§ **Required work**: Find "theory Defs" in the data below; transcribe the line it appears on and each line after it, exactly, to the end, and nothing else.

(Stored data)
(* (1) If $\psi(x)\ge c_0\sqrt x$ on $[0,1]$ for some $c_0>0$, then there exists $C\ge1$ (depending on $\psi,\delta_0$) such that for all $\delta\in(0,\delta_0]$ and $(x_N,x_T)\in\mathbb C^2$, \[ \max(|x_N|,|x_T|)\le\kappa_{G_\psi}(p_\delta;(x_N,x_T))\le C\max(|x_N|,|x_T|). \] (2) If $\frac{\psi(x)}{\sqrt x}$ is an increasing function on $(0,1)$ (and $\psi$ is strictly increasing), there exists $c>0$ such that for all $\delta\in(0,\delta_0]$ and all $(x_N,x_T)\in\mathbb C^2$ with $x_N\neq0$ and $|x_T|\le|x_N|$, \[ c\,F_2\!\left(\delta,\left|\frac{x_T}{x_N}\right|\right)|x_N|\le\kappa_{G_\psi}(p_\delta;(x_N,x_T)),\qquad F_2(\delta,t):=\min\left(\frac{\sqrt{\psi^{-1}(\delta)}}{\delta},\ \frac{t}{\psi(t^2)}\right). \]
   Context: $\mathbb D$ is the unit disc in $\mathbb C$. $\psi:[0,1]\to[0,\infty)$ is continuous with $\psi(0)=0$, $\psi(1)>0$, and $G_\psi:=\{z\in\mathbb D^2:\Re z_1<\psi(|z_2|)\}$. For $\delta\in(0,1)$, $p_\delta:=(-\delta,0)$. Standing assumption: $\delta\in(0,\delta_0]$ for a fixed $\delta_0<1$ with $\delta_0<\psi(1)$, $\psi^{-1}$ the inverse of $\psi$. The Kobayashi–Royden metric of a domain $\Omega\subset\mathbb C^d$ is $\kappa_\Omega(z;X)=\inf\{\lambda^{-1}:\lambda>0,\ \exists\varphi:\mathbb D\to\Omega \text{ holomorphic},\ \varphi(0)=z,\ \varphi'(0)=\lambda X\}$. For $t$ with $t/\psi(t^2)$ undefined because $\psi(t^2)=0$, interpret the quotient as $+\infty$. *)

theory Defs
  imports "HOL-Analysis.Analysis"
begin

definition G_psi :: "(real \<Rightarrow> real) \<Rightarrow> (complex \<times> complex) set" where
  "G_psi \<psi> = {z. norm (fst z) < 1 \<and> norm (snd z) < 1 \<and> Re (fst z) < \<psi> (norm (snd z))}"

definition p_delta :: "real \<Rightarrow> complex \<times> complex" where
  "p_delta \<delta> = (complex_of_real (- \<delta>), 0)"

§ **Written response**:
theory Defs
  imports "HOL-Analysis.Analysis"
begin

definition G_psi :: "(real \<Rightarrow> real) \<Rightarrow> (complex \<times> complex) set" where
  "G_psi \<psi> = {z. norm (fst z) < 1 \<and> norm (snd z) < 1 \<and> Re (fst z) < \<psi> (norm (snd z))}"

definition p_delta :: "real \<Rightarrow> complex \<times> complex" where
  "p_delta \<delta> = (complex_of_real (- \<delta>), 0)"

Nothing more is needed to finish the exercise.